All of lore.kernel.org
 help / color / mirror / Atom feed
From: Ingo Molnar <mingo@elte.hu>
To: Wu Fengguang <fengguang.wu@intel.com>
Cc: "Steven Rostedt" <rostedt@goodmis.org>,
	"Frédéric Weisbecker" <fweisbec@gmail.com>,
	"Larry Woodman" <lwoodman@redhat.com>,
	"Peter Zijlstra" <a.p.zijlstra@chello.nl>,
	"Pekka Enberg" <penberg@cs.helsinki.fi>,
	"Eduard - Gabriel Munteanu" <eduard.munteanu@linux360.ro>,
	"Andrew Morton" <akpm@linux-foundation.org>,
	LKML <linux-kernel@vger.kernel.org>,
	"KOSAKI Motohiro" <kosaki.motohiro@jp.fujitsu.com>,
	"Andi Kleen" <andi@firstfloor.org>,
	"Matt Mackall" <mpm@selenic.com>,
	"Alexey Dobriyan" <adobriyan@gmail.com>,
	"linux-mm@kvack.org" <linux-mm@kvack.org>
Subject: Re: [PATCH 5/5] proc: export more page flags in /proc/kpageflags
Date: Tue, 28 Apr 2009 11:24:54 +0200	[thread overview]
Message-ID: <20090428092454.GB21085@elte.hu> (raw)

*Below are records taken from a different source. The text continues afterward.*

text \<open>Cauchy estimates on the disc of radius 1/\<tau> give |f'_k - f_k| \<le> \<epsilon> \<tau>^k, and \<tau>^2 < R
  makes the Hadamard product of these differences with g converge on |w| \<le> \<tau>.\<close>

lemma hada_lu_nbhd_close:
  assumes f: "f \<in> AD" and f': "f' \<in> lu_nbhd f (1 / \<tau>) \<epsilon>"
    and g: "\<And>k. norm (g k) * R ^ k \<le> C" and \<tau>: "1 < \<tau>" "\<tau>\<^sup>2 < R" and w: "norm w \<le> \<tau>"
  shows "norm (ev (hada f' g) w - ev (hada f g) w) \<le> \<epsilon> * C / (1 - \<tau>\<^sup>2 / R)"
proof -
  have "f' \<in> AD"
    using f' by (simp add: lu_nbhd_def)
  obtain B where B: "\<And>k. norm (f k) \<le> B * \<tau> ^ k"
    using AD_coeff_growth[OF f \<tau>(1)] by blast
  obtain B' where B': "\<And>k. norm (f' k) \<le> B' * \<tau> ^ k"
    using AD_coeff_growth[OF \<open>f' \<in> AD\<close> \<tau>(1)] by blast
  have diff: "norm (f' k - f k) \<le> \<epsilon> * \<tau> ^ k" for k
    using lu_nbhd_coeff_bound[OF f f', of k] \<tau>(1) by (simp add: power_one_over)
  have "hada (\<lambda>k. f' k - f k) g = (\<lambda>k. hada f' g k - hada f g k)"
    by (simp add: hada_def fun_eq_iff left_diff_distrib)
  then have "ev (hada (\<lambda>k. f' k - f k) g) w = ev (hada f' g) w - ev (hada f g) w"
    using hada_powser_bound(1)[OF B g w] hada_powser_bound(1)[OF B' g w] \<tau>
    by (simp add: ev_diff)
  then show ?thesis
    using hada_powser_bound(2)[OF diff g w] \<tau> by simp
qed

lemma square_between:
  fixes R :: real
  assumes "1 < R"
  shows "\<exists>\<tau>>1. \<tau>\<^sup>2 < R"
proof -
  define \<tau> where "\<tau> = (1 + sqrt R) / 2"
  have "1 < sqrt R"
    using assms by simp
  then have "1 < \<tau>" "\<tau> < sqrt R"
    by (auto simp: \<tau>_def)
  then have "\<tau>\<^sup>2 < (sqrt R)\<^sup>2"
    by (intro power_strict_mono) auto
  then show ?thesis
    using assms \<open>1 < \<tau>\<close> by auto
qed

lemma hada_lu_continuous_on_cball:
  assumes f: "f \<in> AD" and g: "g \<in> AcD"
  shows "\<exists>\<tau>>1. continuous_on (cball 0 \<tau>) (ev (hada f g)) \<and>
    (\<forall>\<delta>>0. \<exists>r<1. \<exists>\<epsilon>>0. \<forall>f'\<in>lu_nbhd f r \<epsilon>. \<forall>w. norm w \<le> \<tau> \<longrightarrow>
       norm (ev (hada f' g) w - ev (hada f g) w) < \<delta>)"
proof -
  obtain R C where "R > 1" and C: "\<And>k. norm (g k) * R ^ k \<le> C"
    using AcD_coeff_decay[OF g] by blast
  obtain \<tau> where \<tau>: "1 < \<tau>" and "\<tau>\<^sup>2 < R"
    using square_between[OF \<open>R > 1\<close>] by blast
  obtain B where B: "\<And>k. norm (f k) \<le> B * \<tau> ^ k"
    using AD_coeff_growth[OF f \<tau>(1)] by blast
  have "summable (\<lambda>k. hada f g k * of_real \<tau> ^ k)"
    by (rule hada_powser_bound(1)[OF B C]) (use \<tau> \<open>\<tau>\<^sup>2 < R\<close> in auto)
  then have "continuous_on (cball 0 ((1 + \<tau>) / 2)) (ev (hada f g))"
    unfolding ev_def using \<tau>(1)
    by (intro continuous_at_imp_continuous_on ballI isCont_powser) auto
  moreover have "\<exists>r<1. \<exists>\<epsilon>>0. \<forall>f'\<in>lu_nbhd f r \<epsilon>. \<forall>w. norm w \<le> (1 + \<tau>) / 2 \<longrightarrow>
      norm (ev (hada f' g) w - ev (hada f g) w) < \<delta>" if "\<delta> > 0" for \<delta>
  proof -
    define q where "q = \<tau>\<^sup>2 / R"
    have "q < 1" "0 \<le> C"
      using \<open>\<tau>\<^sup>2 < R\<close> \<open>R > 1\<close> C[of 0] norm_ge_zero[of "g 0"]
      by (simp_all add: q_def del: norm_ge_zero)
    define \<epsilon> where "\<epsilon> = \<delta> * (1 - q) / (2 * (C + 1))"
    have "\<epsilon> > 0"
      using \<open>\<delta> > 0\<close> \<open>q < 1\<close> \<open>0 \<le> C\<close> by (simp add: \<epsilon>_def)
    have "\<epsilon> * C / (1 - q) = \<delta> * (C / (2 * (C + 1)))"
      using \<open>q < 1\<close> by (simp add: \<epsilon>_def)
    also have "\<dots> < \<delta> * 1"
      using \<open>\<delta> > 0\<close> \<open>0 \<le> C\<close> by (intro mult_strict_left_mono) auto
    finally have "\<epsilon> * C / (1 - \<tau>\<^sup>2 / R) < \<delta>"
      by (simp add: q_def)
    moreover have "norm w \<le> \<tau>" if "norm w \<le> (1 + \<tau>) / 2" for w :: complex
      using that \<tau>(1) by simp
    ultimately have "\<forall>f'\<in>lu_nbhd f (1 / \<tau>) \<epsilon>. \<forall>w. norm w \<le> (1 + \<tau>) / 2 \<longrightarrow>
        norm (ev (hada f' g) w - ev (hada f g) w) < \<delta>"
      using hada_lu_nbhd_close[OF f _ C \<tau>(1) \<open>\<tau>\<^sup>2 < R\<close>] by (meson le_less_trans)
    then show ?thesis
      using \<tau>(1) \<open>\<epsilon> > 0\<close> by (intro exI[of _ "1 / \<tau>"] conjI exI[of _ \<epsilon>]) auto
  qed
  moreover have "1 < (1 + \<tau>) / 2"
    using \<tau>(1) by simp
  ultimately show ?thesis
    by blast
qed

lemma hada_nonzero_locally_stable:
  assumes f: "f \<in> AD" and g: "g \<in> AcD" and nz: "\<And>w. norm w \<le> 1 \<Longrightarrow> ev (hada f g) w \<noteq> 0"
  shows "\<exists>\<rho>>1. \<exists>r<1. \<exists>\<epsilon>>0. lu_nbhd f r \<epsilon> \<subseteq> {f'. \<forall>w. norm w \<le> \<rho> \<longrightarrow> ev (hada f' g) w \<noteq> 0}"
proof -
  obtain \<tau> where "1 < \<tau>" and cont: "continuous_on (cball 0 \<tau>) (ev (hada f g))"
    and close: "\<And>\<delta>. \<delta> > 0 \<Longrightarrow> \<exists>r<1. \<exists>\<epsilon>>0. \<forall>f'\<in>lu_nbhd f r \<epsilon>. \<forall>w. norm w \<le> \<tau> \<longrightarrow>
        norm (ev (hada f' g) w - ev (hada f g) w) < \<delta>"
    using hada_lu_continuous_on_cball[OF f g] by blast
  obtain \<rho> m where "1 < \<rho>" "\<rho> \<le> \<tau>" "m > 0"
    and m: "\<And>w. norm w \<le> \<rho> \<Longrightarrow> m \<le> norm (ev (hada f g) w)"
    using nonzero_near_unit_cball[OF cont \<open>1 < \<tau>\<close>] nz by blast
  obtain r \<epsilon> where "r < 1" "\<epsilon> > 0" and r: "\<And>f' w. f' \<in> lu_nbhd f r \<epsilon> \<Longrightarrow> norm w \<le> \<tau> \<Longrightarrow>
      norm (ev (hada f' g) w - ev (hada f g) w) < m"
    using close[OF \<open>m > 0\<close>] by blast
  have "ev (hada f' g) w \<noteq> 0" if "f' \<in> lu_nbhd f r \<epsilon>" "norm w \<le> \<rho>" for f' w
  proof -
    have "m \<le> norm (ev (hada f g) w)"
      using m that(2) .
    also have "\<dots> \<le> norm (ev (hada f' g) w) + norm (ev (hada f' g) w - ev (hada f g) w)"
      using norm_triangle_sub[of "ev (hada f g) w" "ev (hada f' g) w"] by (simp add: norm_minus_commute)
    finally have "m \<le> norm (ev (hada f' g) w) + norm (ev (hada f' g) w - ev (hada f g) w)" .
    moreover have "norm (ev (hada f' g) w - ev (hada f g) w) < m"
      using r[OF that(1)] that(2) \<open>\<rho> \<le> \<tau>\<close> by simp
    ultimately show ?thesis
      by auto
  qed
  then show ?thesis
    using \<open>1 < \<rho>\<close> \<open>r < 1\<close> \<open>\<epsilon> > 0\<close> by blast
qed

lemma compactin_hada_uniform_nonzero_radius:
  assumes V: "compactin LU V" "V \<subseteq> AD" and g: "g \<in> AcD"
    and nz: "\<And>f w. f \<in> V \<Longrightarrow> norm w \<le> 1 \<Longrightarrow> ev (hada f g) w \<noteq> 0"
  shows "\<exists>\<rho>>1. \<forall>f\<in>V. \<forall>w. norm w \<le> \<rho> \<longrightarrow> ev (hada f g) w \<noteq> 0"
proof -
  define S where "S \<rho> = {f'. \<forall>w. norm w \<le> \<rho> \<longrightarrow> ev (hada f' g) w \<noteq> 0}" for \<rho>
  have "\<exists>\<rho>>1. \<exists>r<1. \<exists>\<epsilon>>0. lu_nbhd f r \<epsilon> \<subseteq> S \<rho>" if "f \<in> V" for f
    unfolding S_def by (rule hada_nonzero_locally_stable[OF _ g]) (use that V(2) nz in auto)
  then have "\<forall>f\<in>V. \<exists>\<rho>>1. \<exists>r<1. \<exists>\<epsilon>>0. lu_nbhd f r \<epsilon> \<subseteq> S \<rho>"
    by blast
  from bchoice[OF this] obtain \<rho>
    where \<rho>: "\<forall>f\<in>V. 1 < \<rho> f \<and> (\<exists>r<1. \<exists>\<epsilon>>0. lu_nbhd f r \<epsilon> \<subseteq> S (\<rho> f))"
    by blast
  have "\<exists>F. finite F \<and> F \<subseteq> V \<and> V \<subseteq> (\<Union>f\<in>F. S (\<rho> f))"
    by (rule compactin_LU_finite_cover[OF V]) (use \<rho> in blast)
  then obtain F where "finite F" "F \<subseteq> V" and cover: "V \<subseteq> (\<Union>f\<in>F. S (\<rho> f))"
    by blast
  define \<rho>0 where "\<rho>0 = Min (insert 2 (\<rho> ` F))"
  have "1 < \<rho>0"
    unfolding \<rho>0_def using \<open>finite F\<close> \<open>F \<subseteq> V\<close> \<rho> by (subst Min_gr_iff) auto
  have "V \<subseteq> S \<rho>0"
  proof
    fix f' assume "f' \<in> V"
    then obtain f where "f \<in> F" "f' \<in> S (\<rho> f)"
      using cover by blast
    moreover have "\<rho>0 \<le> \<rho> f"
      unfolding \<rho>0_def using \<open>finite F\<close> \<open>f \<in> F\<close> by (intro Min_le) auto
    ultimately show "f' \<in> S \<rho>0"
      unfolding S_def by auto
  qed
  then show ?thesis
    using \<open>1 < \<rho>0\<close> unfolding S_def by blast
qed

lemma dual_T_cm_iff:
  "g \<in> dual_T (cm V) \<longleftrightarrow> g \<in> A0cD \<and> (\<forall>f\<in>V. \<forall>w. norm w \<le> 1 \<longrightarrow> ev (hada f g) w \<noteq> 0)"
proof -
  have key: "ev (hada (Px w f) g) 1 = ev (hada f g) w" for w :: complex and f
    by (simp add: hada_Px_left ev_Px)
  have "(\<forall>f'\<in>cm V. ev (hada f' g) 1 \<noteq> 0) \<longleftrightarrow> (\<forall>f\<in>V. \<forall>w. norm w \<le> 1 \<longrightarrow> ev (hada f g) w \<noteq> 0)"
  proof (intro iffI ballI allI impI)
    fix f and w :: complex
    assume "\<forall>f'\<in>cm V. ev (hada f' g) 1 \<noteq> 0" "f \<in> V" "norm w \<le> 1"
    moreover have "Px w f \<in> cm V"
      using \<open>f \<in> V\<close> \<open>norm w \<le> 1\<close> by (auto simp: cm_def)
    ultimately show "ev (hada f g) w \<noteq> 0"
      by (metis key)
  next
    fix f' assume nz: "\<forall>f\<in>V. \<forall>w. norm w \<le> 1 \<longrightarrow> ev (hada f g) w \<noteq> 0" and "f' \<in> cm V"
    then obtain f w where "f' = Px w f" "f \<in> V" "norm w \<le> 1"
      by (auto simp: cm_def)
    then show "ev (hada f' g) 1 \<noteq> 0"
      using nz by (simp add: key)
  qed
  then show ?thesis
    unfolding dual_T_def by blast
qed

lemma contraction_in_dual_T_cm:
  assumes h: "h \<in> dual_star V" and x: "norm x < 1"
  shows "Px x h \<in> dual_T (cm V)"
proof -
  have "h \<in> AD" "h 0 = 1"
    using h by (auto simp: dual_star_def A0_def)
  \<comment> \<open>a radius between 1 and 1/|x| that needs no case split on x = 0\<close>
  define R where "R = 2 / (1 + norm x)"
  have "0 < 1 + norm x"
    by (simp add: add_pos_nonneg)
  then have "1 < R"
    using x by (simp add: R_def field_simps)
  have small: "norm (x * z) < 1" if "norm z < R" for z
  proof -
    have "norm x * norm z \<le> norm x * R"
      using that by (intro mult_left_mono) auto
    also have "\<dots> < 1"
      using x \<open>0 < 1 + norm x\<close> by (simp add: R_def field_simps)
    finally show ?thesis
      by (simp add: norm_mult)
  qed
  have "summable (\<lambda>k. Px x h k * z ^ k)" if "norm z < R" for z
    using \<open>h \<in> AD\<close> small[OF that] by (simp add: summable_Px_iff AD_def)
  then have "Px x h \<in> A0cD"
    using \<open>1 < R\<close> \<open>h 0 = 1\<close> by (auto simp: A0cD_def AcD_def Px_def)
  moreover have "ev (hada f (Px x h)) w \<noteq> 0" if "f \<in> V" "norm w \<le> 1" for f w
  proof -
    have "norm (x * w) < 1"
      using x that(2) by (simp add: norm_mult mult_le_one le_less_trans[OF mult_right_le_one_le])
    then show ?thesis
      using h that(1) by (simp add: hada_Px_right ev_Px dual_star_def)
  qed
  ultimately show ?thesis
    by (simp add: dual_T_cm_iff)
qed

In-Reply-To: <20090428083320.GB17038@localhost>


* Wu Fengguang <fengguang.wu@intel.com> wrote:

> On Tue, Apr 28, 2009 at 08:55:07AM +0200, Ingo Molnar wrote:
> > 
> > * Wu Fengguang <fengguang.wu@intel.com> wrote:
> > 
> > > Export 9 page flags in /proc/kpageflags, and 8 more for kernel developers.
> > > 
> > > 1) for kernel hackers (on CONFIG_DEBUG_KERNEL)
> > >    - all available page flags are exported, and
> > >    - exported as is
> > > 2) for admins and end users
> > >    - only the more `well known' flags are exported:
> > > 	11. KPF_MMAP		(pseudo flag) memory mapped page
> > > 	12. KPF_ANON		(pseudo flag) memory mapped page (anonymous)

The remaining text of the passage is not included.